_EXERCISE OBJECTIVE_: Look below for lines that hold the string "fixes" and copy each one.

[Opening RECORDS FOR PROCESSING section]

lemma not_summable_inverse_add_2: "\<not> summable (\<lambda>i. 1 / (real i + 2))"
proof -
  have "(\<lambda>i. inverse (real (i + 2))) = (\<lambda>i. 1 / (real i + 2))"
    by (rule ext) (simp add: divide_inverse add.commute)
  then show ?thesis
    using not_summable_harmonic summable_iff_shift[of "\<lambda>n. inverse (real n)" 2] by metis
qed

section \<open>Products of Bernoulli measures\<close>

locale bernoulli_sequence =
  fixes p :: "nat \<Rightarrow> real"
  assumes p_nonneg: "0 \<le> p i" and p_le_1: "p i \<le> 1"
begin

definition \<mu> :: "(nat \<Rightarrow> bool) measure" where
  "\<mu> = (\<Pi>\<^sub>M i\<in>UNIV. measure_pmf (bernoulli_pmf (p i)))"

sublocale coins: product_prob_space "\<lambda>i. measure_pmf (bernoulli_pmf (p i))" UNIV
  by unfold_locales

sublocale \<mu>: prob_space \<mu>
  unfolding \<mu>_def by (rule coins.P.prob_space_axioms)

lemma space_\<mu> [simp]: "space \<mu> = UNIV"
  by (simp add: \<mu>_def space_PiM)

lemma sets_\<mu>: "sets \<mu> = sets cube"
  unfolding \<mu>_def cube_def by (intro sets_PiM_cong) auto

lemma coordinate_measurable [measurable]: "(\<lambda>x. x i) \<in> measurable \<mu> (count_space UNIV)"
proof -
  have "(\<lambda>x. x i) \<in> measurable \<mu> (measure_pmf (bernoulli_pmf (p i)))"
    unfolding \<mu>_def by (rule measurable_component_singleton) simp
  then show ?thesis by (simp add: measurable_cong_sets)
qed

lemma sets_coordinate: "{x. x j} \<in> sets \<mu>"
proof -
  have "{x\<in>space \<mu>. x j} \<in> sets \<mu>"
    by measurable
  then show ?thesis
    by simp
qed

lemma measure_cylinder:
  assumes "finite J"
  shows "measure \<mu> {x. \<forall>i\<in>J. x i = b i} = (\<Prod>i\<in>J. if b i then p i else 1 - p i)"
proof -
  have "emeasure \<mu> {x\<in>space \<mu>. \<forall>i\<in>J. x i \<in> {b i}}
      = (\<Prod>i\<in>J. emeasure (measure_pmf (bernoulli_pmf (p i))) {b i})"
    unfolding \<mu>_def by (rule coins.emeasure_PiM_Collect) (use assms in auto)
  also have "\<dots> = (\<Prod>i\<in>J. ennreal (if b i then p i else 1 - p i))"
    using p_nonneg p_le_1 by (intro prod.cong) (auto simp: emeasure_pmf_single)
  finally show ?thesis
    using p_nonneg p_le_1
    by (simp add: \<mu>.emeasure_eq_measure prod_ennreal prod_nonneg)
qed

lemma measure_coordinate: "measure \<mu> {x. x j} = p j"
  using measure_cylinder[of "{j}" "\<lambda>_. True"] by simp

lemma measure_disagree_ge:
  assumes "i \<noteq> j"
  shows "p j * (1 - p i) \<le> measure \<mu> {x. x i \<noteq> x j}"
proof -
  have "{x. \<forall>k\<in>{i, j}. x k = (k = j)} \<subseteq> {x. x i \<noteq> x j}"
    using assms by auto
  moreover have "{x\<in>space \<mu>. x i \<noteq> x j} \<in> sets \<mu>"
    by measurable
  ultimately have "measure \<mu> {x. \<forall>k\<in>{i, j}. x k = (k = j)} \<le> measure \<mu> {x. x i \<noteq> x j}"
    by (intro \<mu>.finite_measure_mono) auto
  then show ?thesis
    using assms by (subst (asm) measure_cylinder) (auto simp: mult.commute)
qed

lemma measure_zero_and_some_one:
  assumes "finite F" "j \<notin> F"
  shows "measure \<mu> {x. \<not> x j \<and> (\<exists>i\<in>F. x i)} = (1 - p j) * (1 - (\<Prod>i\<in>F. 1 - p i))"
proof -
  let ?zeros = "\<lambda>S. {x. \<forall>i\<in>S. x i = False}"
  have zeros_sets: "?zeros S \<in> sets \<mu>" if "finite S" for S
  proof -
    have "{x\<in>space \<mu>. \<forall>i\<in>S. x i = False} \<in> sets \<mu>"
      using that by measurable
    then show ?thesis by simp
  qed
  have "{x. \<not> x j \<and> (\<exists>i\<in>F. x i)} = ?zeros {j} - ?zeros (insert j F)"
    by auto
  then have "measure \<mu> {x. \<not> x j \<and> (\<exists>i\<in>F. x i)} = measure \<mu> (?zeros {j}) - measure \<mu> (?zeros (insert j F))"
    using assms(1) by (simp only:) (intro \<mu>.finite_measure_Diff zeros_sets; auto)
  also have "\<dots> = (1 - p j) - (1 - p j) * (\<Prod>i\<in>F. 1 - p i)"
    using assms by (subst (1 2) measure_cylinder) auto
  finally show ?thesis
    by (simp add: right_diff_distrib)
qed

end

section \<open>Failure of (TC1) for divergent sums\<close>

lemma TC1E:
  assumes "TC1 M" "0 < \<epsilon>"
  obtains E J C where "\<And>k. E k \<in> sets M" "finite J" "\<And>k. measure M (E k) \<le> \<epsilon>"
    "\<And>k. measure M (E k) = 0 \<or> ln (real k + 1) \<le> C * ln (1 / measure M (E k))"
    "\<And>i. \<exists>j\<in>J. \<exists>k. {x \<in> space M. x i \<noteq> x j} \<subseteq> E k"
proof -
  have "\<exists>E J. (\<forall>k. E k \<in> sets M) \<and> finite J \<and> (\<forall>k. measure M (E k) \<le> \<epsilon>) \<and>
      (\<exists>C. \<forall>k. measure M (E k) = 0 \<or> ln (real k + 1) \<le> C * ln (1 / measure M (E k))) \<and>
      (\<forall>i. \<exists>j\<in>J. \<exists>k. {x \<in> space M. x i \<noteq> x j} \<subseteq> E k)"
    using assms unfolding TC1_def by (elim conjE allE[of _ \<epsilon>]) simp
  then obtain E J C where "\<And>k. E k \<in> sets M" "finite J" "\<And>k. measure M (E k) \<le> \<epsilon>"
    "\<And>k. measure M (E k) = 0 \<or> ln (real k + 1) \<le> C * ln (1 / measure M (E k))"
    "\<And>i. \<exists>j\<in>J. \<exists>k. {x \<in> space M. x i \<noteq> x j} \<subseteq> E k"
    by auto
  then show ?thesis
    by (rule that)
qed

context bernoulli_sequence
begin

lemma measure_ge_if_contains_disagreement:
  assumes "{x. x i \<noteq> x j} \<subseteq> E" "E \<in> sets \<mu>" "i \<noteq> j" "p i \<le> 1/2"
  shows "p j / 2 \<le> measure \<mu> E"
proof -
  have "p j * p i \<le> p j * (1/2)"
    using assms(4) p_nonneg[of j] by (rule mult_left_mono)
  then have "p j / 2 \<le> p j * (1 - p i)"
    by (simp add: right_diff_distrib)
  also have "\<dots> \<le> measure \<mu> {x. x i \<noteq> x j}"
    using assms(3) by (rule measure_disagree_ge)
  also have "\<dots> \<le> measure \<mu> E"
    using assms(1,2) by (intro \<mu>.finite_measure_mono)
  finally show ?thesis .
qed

[Closing RECORDS FOR PROCESSING section]
[Opening RECORDS FOR PROCESSING section]

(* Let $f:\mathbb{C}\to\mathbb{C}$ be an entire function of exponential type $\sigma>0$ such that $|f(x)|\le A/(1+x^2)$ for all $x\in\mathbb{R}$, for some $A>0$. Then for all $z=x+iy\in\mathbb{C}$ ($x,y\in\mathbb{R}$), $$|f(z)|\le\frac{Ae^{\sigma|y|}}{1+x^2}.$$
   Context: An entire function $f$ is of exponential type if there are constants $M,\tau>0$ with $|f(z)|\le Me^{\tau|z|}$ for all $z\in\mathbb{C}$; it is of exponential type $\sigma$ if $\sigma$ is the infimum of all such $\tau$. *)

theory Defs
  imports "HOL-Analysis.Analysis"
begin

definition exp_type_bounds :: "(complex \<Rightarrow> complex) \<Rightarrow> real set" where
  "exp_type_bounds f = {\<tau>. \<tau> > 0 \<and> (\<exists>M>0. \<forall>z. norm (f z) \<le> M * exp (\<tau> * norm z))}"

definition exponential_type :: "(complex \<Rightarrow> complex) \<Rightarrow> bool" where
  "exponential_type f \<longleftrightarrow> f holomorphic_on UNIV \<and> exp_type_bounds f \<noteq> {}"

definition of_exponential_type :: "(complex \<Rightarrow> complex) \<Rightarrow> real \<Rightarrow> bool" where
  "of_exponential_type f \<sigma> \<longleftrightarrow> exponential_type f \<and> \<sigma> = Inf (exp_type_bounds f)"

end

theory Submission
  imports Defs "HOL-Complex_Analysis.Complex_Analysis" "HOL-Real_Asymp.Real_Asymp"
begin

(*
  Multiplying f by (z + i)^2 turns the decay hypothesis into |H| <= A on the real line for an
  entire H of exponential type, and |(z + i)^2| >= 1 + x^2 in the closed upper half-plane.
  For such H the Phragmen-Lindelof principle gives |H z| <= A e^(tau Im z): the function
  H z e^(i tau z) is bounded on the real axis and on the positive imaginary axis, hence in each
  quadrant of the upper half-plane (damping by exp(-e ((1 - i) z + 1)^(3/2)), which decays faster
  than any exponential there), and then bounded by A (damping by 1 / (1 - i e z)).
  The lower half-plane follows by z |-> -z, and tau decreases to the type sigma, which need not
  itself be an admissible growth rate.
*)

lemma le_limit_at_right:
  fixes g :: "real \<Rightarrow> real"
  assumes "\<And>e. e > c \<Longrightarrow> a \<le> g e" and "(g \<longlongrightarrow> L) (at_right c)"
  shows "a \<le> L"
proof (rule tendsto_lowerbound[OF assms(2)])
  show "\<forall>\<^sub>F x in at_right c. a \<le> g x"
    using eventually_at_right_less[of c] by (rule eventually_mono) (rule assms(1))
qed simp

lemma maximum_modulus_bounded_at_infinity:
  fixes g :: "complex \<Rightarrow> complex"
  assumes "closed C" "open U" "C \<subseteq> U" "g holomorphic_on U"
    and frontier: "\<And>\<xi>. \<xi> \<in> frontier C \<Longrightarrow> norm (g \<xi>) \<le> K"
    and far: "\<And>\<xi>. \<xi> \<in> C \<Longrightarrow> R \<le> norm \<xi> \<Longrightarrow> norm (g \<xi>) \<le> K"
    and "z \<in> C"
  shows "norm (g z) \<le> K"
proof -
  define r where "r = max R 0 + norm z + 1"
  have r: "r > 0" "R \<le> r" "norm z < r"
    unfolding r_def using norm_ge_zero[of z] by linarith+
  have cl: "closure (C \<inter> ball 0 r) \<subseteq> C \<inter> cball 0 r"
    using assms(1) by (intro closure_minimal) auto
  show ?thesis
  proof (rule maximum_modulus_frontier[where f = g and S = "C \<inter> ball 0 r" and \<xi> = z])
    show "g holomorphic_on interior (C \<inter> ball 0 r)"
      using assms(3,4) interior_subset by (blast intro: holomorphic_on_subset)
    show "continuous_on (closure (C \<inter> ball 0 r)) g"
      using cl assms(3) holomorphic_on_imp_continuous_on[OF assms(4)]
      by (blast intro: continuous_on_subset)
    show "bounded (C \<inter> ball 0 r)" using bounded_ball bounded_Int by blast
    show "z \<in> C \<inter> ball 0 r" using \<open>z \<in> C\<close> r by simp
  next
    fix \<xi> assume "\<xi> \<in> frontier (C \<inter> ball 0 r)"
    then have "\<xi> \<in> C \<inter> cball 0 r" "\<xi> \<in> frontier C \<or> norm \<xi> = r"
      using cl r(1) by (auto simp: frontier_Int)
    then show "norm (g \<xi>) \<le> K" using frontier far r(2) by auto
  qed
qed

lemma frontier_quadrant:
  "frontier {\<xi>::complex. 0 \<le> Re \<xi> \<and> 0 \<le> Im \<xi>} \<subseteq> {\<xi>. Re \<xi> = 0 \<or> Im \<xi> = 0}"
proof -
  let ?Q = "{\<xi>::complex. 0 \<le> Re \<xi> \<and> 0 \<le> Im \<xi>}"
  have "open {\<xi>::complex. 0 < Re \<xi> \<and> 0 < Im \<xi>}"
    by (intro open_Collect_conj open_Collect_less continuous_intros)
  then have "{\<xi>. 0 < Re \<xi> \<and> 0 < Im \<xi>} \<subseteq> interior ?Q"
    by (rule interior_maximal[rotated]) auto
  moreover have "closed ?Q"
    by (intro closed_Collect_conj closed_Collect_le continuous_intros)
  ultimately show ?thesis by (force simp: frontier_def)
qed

[Closing RECORDS FOR PROCESSING section]

_RESULT_:
  fixes p :: "nat \<Rightarrow> real"
  fixes g :: "real \<Rightarrow> real"
  fixes g :: "complex \<Rightarrow> complex"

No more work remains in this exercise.